En 2019, lorsqu’on évoquait le sujet de la cybersécurité avec des entreprises et des individus, la plupart d’entre eux connaissaient cette notion, mais ne jugeaient pas nécessaire d’y consacrer des budgets. Un pare-feu et un antivirus sur les ordinateurs, ainsi qu’un senseur pour éviter que les terminaux de données ne surchauffent, c’était largement suffisant à leurs yeux, puisque les stratagèmes d’hameçonnage étaient encore grossiers.

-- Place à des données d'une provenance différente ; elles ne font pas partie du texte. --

text \<open>Chernoff bound, via Markov's inequality for the product of the independent e^{-Y_i}.\<close>
lemma prob_partial_sum_le_exp:
  "prob {w\<in>space M. partial_sum Y m w \<le> s} \<le> exp s * expectation (\<lambda>w. exp (- Y 1 w)) ^ m"
proof -
  define Z where "Z i w = exp (- Y i w)" for i w
  have [measurable]: "Z i \<in> borel_measurable M" if "i \<ge> 1" for i
    unfolding Z_def[abs_def] using measurable_step[OF that] by measurable
  have "integrable M (Z i)" if "i \<ge> 1" for i
    by (rule integrable_const_bound[where B=1])
       (use step_nonneg[OF that] that in \<open>auto simp: Z_def elim!: eventually_mono\<close>)
  moreover have "indep_vars (\<lambda>_. borel) Z {1..m}"
    unfolding Z_def[abs_def]
    by (rule indep_vars_subset[OF indep_vars_compose2[OF indep_steps]]) auto
  ultimately have "integrable M (\<lambda>w. \<Prod>i\<in>{1..m}. Z i w)"
    and "expectation (\<lambda>w. \<Prod>i\<in>{1..m}. Z i w) = (\<Prod>i\<in>{1..m}. expectation (Z i))"
    by (auto intro!: indep_vars_integrable indep_vars_lebesgue_integral)
  moreover have "(\<Prod>i\<in>{1..m}. expectation (Z i)) = expectation (Z 1) ^ m"
  proof -
    have "expectation (Z i) = expectation (Z 1)" if "i \<in> {1..m}" for i
      using that expectation_step_eq[of i "\<lambda>x. exp (- x)"] by (simp add: Z_def[abs_def])
    then have "(\<Prod>i\<in>{1..m}. expectation (Z i)) = (\<Prod>i\<in>{1..m}. expectation (Z 1))"
      by (rule prod.cong[OF refl])
    then show ?thesis by simp
  qed
  moreover have "exp (- partial_sum Y m w) = (\<Prod>i\<in>{1..m}. Z i w)" for w
    unfolding partial_sum_def Z_def by (simp add: exp_sum[symmetric] sum_negf)
  ultimately have "prob {w\<in>space M. exp (- s) \<le> exp (- partial_sum Y m w)}
      \<le> expectation (Z 1) ^ m / exp (- s)"
    using integral_Markov_inequality_measure[where u="\<lambda>w. \<Prod>i\<in>{1..m}. Z i w" and A="space M"
        and c="exp (- s)" and M=M]
    by (simp add: Z_def prod_nonneg)
  then have "prob {w\<in>space M. partial_sum Y m w \<le> s} \<le> exp s * expectation (Z 1) ^ m"
    by (simp add: exp_minus field_simps)
  then show ?thesis unfolding Z_def[abs_def] by simp
qed

lemma partial_sum_linear_growth:
  obtains c \<rho> where "c > 0" "0 \<le> \<rho>" "\<rho> < 1"
    "\<And>m. prob {w\<in>space M. partial_sum Y m w \<le> c * real m} \<le> \<rho> ^ m"
proof -
  define q where "q = expectation (\<lambda>w. exp (- Y 1 w))"
  have "q < 1"
    unfolding q_def by (rule expectation_exp_neg_lt_1[OF _ step_nonneg prob_step_pos]) simp_all
  have "q \<ge> 0" unfolding q_def by simp
  \<comment> \<open>Choose e^c halfway between 1 and 1/q, so that \<rho> = e^c q = 2q/(1+q) < 1.\<close>
  define c where "c = ln (2 / (1 + q))"
  have exp_c: "exp c = 2 / (1 + q)" using \<open>q \<ge> 0\<close> by (simp add: c_def)
  show thesis
  proof (rule that)
    show "c > 0" using \<open>q \<ge> 0\<close> \<open>q < 1\<close> by (simp add: c_def)
    show "exp c * q < 1" "0 \<le> exp c * q"
      using \<open>q \<ge> 0\<close> \<open>q < 1\<close> by (simp_all add: exp_c field_simps)
    show "prob {w\<in>space M. partial_sum Y m w \<le> c * real m} \<le> (exp c * q) ^ m" for m
      using prob_partial_sum_le_exp[of m "c * real m"]
      by (simp add: q_def power_mult_distrib mult.commute[of c] exp_of_nat_mult)
  qed
qed

lemma AE_partial_sum_gt: "AE w in M. \<exists>j. partial_sum Y j w > t"
proof -
  obtain c \<rho> where "c > 0" "0 \<le> \<rho>" "\<rho> < 1"
    and bound: "\<And>m. prob {w\<in>space M. partial_sum Y m w \<le> c * real m} \<le> \<rho> ^ m"
    by (rule partial_sum_linear_growth) blast
  define H where "H = {w\<in>space M. \<forall>j. partial_sum Y j w \<le> t}"
  have H_le: "prob H \<le> \<rho> ^ m" if "c * real m \<ge> t" for m
  proof -
    have "H \<subseteq> {w\<in>space M. partial_sum Y m w \<le> c * real m}"
      using that by (auto simp: H_def intro: order.trans)
    then show ?thesis by (intro order.trans[OF finite_measure_mono bound]) auto
  qed
  have "eventually (\<lambda>m. c * real m \<ge> t) sequentially"
    using filterlim_tendsto_pos_mult_at_top[OF tendsto_const \<open>c > 0\<close> filterlim_real_sequentially]
    by (simp add: filterlim_at_top)
  then have "prob H \<le> 0"
    using LIMSEQ_power_zero[of \<rho>] \<open>\<rho> < 1\<close> \<open>0 \<le> \<rho>\<close>
    by (intro tendsto_lowerbound[where F=sequentially]) (auto elim!: eventually_mono intro: H_le)
  moreover have "H \<in> sets M" unfolding H_def by measurable
  ultimately have "H \<in> null_sets M"
    by (intro null_setsI) (simp_all add: emeasure_eq_measure measure_le_0_iff)
  then show ?thesis
    by (rule AE_I') (auto simp: H_def not_less)
qed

Un an plus tard, pandémie oblige, l’explosion du télétravail a engendré une amélioration notoire des technologies utilisées par les professionnels et les employés… mais aussi des techniques utilisées par les cybercriminels pour les prendre au piège. Il faut dire que presque du jour au lendemain, des données souvent concentrées à l’intérieur d’un même espace – par exemple, un parc d’ordinateurs de bureau – sont soudain devenues accessibles sur des ordinateurs, tablettes et cellulaires individuels disposant d’un wifi personnel.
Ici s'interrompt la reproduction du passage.